Top of Records provided
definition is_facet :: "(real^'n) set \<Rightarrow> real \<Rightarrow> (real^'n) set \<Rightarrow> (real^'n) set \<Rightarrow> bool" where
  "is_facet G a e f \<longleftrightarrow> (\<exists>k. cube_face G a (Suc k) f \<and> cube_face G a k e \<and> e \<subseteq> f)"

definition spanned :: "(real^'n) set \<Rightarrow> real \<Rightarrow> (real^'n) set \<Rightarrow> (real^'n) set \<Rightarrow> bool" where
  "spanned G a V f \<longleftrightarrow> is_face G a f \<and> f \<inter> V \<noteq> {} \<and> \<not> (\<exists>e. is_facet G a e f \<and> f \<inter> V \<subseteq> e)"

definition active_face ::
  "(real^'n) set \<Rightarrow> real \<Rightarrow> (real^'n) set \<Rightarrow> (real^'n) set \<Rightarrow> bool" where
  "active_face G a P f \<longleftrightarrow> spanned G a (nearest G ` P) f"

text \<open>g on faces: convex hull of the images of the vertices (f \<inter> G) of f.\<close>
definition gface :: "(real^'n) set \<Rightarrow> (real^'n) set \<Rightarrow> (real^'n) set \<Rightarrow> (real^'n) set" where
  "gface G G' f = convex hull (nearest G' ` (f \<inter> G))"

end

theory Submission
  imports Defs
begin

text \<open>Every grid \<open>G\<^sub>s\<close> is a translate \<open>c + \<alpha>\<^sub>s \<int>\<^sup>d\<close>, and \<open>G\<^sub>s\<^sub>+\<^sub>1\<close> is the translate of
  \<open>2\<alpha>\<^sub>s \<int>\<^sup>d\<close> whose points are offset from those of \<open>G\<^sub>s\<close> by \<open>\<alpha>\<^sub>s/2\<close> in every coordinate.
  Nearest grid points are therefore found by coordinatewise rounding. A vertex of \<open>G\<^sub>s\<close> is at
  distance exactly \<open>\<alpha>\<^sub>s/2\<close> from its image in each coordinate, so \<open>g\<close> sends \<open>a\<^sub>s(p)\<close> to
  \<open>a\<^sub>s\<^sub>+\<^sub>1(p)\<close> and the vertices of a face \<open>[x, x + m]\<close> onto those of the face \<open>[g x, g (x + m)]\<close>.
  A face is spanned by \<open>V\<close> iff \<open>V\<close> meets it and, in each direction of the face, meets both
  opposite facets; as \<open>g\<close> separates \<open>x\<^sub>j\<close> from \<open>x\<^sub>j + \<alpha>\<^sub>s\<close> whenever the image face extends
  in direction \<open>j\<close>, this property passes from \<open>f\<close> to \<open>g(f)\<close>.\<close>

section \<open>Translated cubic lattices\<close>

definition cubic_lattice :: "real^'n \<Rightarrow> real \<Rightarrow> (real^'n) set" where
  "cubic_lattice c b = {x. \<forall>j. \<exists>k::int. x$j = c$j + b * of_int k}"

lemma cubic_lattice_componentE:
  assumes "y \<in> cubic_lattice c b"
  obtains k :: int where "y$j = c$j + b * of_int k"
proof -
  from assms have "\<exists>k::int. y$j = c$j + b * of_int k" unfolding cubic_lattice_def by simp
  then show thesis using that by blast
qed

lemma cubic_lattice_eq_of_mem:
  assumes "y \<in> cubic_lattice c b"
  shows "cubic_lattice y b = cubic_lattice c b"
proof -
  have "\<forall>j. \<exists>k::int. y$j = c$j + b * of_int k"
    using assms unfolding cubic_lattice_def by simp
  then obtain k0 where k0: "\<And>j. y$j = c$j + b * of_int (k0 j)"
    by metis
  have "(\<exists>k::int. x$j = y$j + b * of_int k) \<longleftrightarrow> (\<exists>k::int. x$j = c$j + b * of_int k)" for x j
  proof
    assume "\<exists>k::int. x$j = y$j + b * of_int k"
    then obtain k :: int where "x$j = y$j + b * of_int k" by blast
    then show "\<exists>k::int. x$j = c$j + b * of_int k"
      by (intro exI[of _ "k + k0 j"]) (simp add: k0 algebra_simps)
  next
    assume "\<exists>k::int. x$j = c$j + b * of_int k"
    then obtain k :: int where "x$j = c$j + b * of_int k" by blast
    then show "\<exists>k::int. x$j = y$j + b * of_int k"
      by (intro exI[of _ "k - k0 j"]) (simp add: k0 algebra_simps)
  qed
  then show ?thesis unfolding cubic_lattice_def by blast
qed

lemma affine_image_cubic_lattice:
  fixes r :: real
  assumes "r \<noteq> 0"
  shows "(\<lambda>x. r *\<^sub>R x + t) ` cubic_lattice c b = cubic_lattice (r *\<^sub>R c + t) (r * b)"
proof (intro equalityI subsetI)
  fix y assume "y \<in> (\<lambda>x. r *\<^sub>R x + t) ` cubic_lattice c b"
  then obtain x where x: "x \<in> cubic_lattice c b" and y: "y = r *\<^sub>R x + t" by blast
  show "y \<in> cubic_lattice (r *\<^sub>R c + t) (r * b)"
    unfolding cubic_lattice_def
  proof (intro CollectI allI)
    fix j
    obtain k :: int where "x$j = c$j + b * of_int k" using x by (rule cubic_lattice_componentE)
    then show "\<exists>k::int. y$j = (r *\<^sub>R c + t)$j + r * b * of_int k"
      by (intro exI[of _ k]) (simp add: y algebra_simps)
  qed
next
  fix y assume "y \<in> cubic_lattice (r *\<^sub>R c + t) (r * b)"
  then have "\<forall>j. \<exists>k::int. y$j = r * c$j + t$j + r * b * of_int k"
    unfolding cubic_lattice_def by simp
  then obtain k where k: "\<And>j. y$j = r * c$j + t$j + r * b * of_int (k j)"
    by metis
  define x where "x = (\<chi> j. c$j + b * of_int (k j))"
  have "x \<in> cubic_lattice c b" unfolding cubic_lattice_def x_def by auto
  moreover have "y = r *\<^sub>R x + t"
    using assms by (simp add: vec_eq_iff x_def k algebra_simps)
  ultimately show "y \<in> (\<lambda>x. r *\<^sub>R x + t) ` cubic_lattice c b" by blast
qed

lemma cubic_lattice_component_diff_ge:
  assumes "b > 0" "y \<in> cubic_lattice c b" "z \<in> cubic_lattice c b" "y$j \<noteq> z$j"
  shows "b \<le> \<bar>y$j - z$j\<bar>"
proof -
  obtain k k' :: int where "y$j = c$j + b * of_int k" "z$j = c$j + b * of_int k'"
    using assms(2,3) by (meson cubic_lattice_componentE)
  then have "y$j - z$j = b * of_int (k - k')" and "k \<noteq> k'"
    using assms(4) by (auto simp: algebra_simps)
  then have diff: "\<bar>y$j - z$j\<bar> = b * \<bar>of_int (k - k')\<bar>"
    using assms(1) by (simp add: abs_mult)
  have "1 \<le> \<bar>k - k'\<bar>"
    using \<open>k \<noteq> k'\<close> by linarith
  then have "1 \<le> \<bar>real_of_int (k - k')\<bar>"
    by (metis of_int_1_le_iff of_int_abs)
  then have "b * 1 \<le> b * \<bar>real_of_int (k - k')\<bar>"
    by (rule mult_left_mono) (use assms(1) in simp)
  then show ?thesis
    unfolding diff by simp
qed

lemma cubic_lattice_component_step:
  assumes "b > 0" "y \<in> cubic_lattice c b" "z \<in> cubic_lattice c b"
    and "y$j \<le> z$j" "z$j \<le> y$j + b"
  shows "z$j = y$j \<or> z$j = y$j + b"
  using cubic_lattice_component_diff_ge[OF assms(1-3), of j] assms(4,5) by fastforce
Bottom of Records provided
Top of Records provided
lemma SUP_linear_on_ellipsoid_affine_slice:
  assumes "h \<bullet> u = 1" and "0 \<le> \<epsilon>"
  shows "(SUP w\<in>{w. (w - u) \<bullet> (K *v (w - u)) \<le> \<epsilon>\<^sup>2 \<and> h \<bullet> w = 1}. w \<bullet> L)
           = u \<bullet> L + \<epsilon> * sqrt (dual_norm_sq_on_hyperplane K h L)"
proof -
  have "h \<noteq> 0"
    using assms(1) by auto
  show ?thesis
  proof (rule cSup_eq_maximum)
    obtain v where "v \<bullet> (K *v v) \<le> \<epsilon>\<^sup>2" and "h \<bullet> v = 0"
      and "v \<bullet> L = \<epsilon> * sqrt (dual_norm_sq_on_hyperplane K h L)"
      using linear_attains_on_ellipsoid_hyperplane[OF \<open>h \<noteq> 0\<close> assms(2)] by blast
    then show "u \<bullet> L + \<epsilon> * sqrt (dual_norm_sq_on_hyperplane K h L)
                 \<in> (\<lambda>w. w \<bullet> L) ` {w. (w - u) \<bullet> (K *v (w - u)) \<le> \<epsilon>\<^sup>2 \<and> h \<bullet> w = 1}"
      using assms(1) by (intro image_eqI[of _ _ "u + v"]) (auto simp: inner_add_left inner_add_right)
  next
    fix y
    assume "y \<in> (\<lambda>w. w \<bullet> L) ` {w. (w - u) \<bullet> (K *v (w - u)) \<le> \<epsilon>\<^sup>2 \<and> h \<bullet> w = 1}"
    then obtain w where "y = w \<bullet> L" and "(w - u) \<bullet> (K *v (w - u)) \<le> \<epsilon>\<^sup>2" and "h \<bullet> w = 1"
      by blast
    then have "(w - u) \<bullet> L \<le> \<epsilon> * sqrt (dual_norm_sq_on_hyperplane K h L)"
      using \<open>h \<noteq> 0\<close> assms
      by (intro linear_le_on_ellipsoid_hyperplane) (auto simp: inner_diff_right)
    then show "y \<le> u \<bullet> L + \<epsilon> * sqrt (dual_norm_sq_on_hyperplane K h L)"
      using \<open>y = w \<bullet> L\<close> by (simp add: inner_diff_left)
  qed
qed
Bottom of Records provided
What needs to be done. Retype exactly the lines of the data above that fall between the line with "define x where" and the line with "using cubic_lattice_component_diff_ge[OF assms(1-3), of", inclusive, and add nothing.

Written response.
  define x where "x = (\<chi> j. c$j + b * of_int (k j))"
  have "x \<in> cubic_lattice c b" unfolding cubic_lattice_def x_def by auto
  moreover have "y = r *\<^sub>R x + t"
    using assms by (simp add: vec_eq_iff x_def k algebra_simps)
  ultimately show "y \<in> (\<lambda>x. r *\<^sub>R x + t) ` cubic_lattice c b" by blast
qed

lemma cubic_lattice_component_diff_ge:
  assumes "b > 0" "y \<in> cubic_lattice c b" "z \<in> cubic_lattice c b" "y$j \<noteq> z$j"
  shows "b \<le> \<bar>y$j - z$j\<bar>"
proof -
  obtain k k' :: int where "y$j = c$j + b * of_int k" "z$j = c$j + b * of_int k'"
    using assms(2,3) by (meson cubic_lattice_componentE)
  then have "y$j - z$j = b * of_int (k - k')" and "k \<noteq> k'"
    using assms(4) by (auto simp: algebra_simps)
  then have diff: "\<bar>y$j - z$j\<bar> = b * \<bar>of_int (k - k')\<bar>"
    using assms(1) by (simp add: abs_mult)
  have "1 \<le> \<bar>k - k'\<bar>"
    using \<open>k \<noteq> k'\<close> by linarith
  then have "1 \<le> \<bar>real_of_int (k - k')\<bar>"
    by (metis of_int_1_le_iff of_int_abs)
  then have "b * 1 \<le> b * \<bar>real_of_int (k - k')\<bar>"
    by (rule mult_left_mono) (use assms(1) in simp)
  then show ?thesis
    unfolding diff by simp
qed

lemma cubic_lattice_component_step:
  assumes "b > 0" "y \<in> cubic_lattice c b" "z \<in> cubic_lattice c b"
    and "y$j \<le> z$j" "z$j \<le> y$j + b"
  shows "z$j = y$j \<or> z$j = y$j + b"
  using cubic_lattice_component_diff_ge[OF assms(1-3), of j] assms(4,5) by fastforce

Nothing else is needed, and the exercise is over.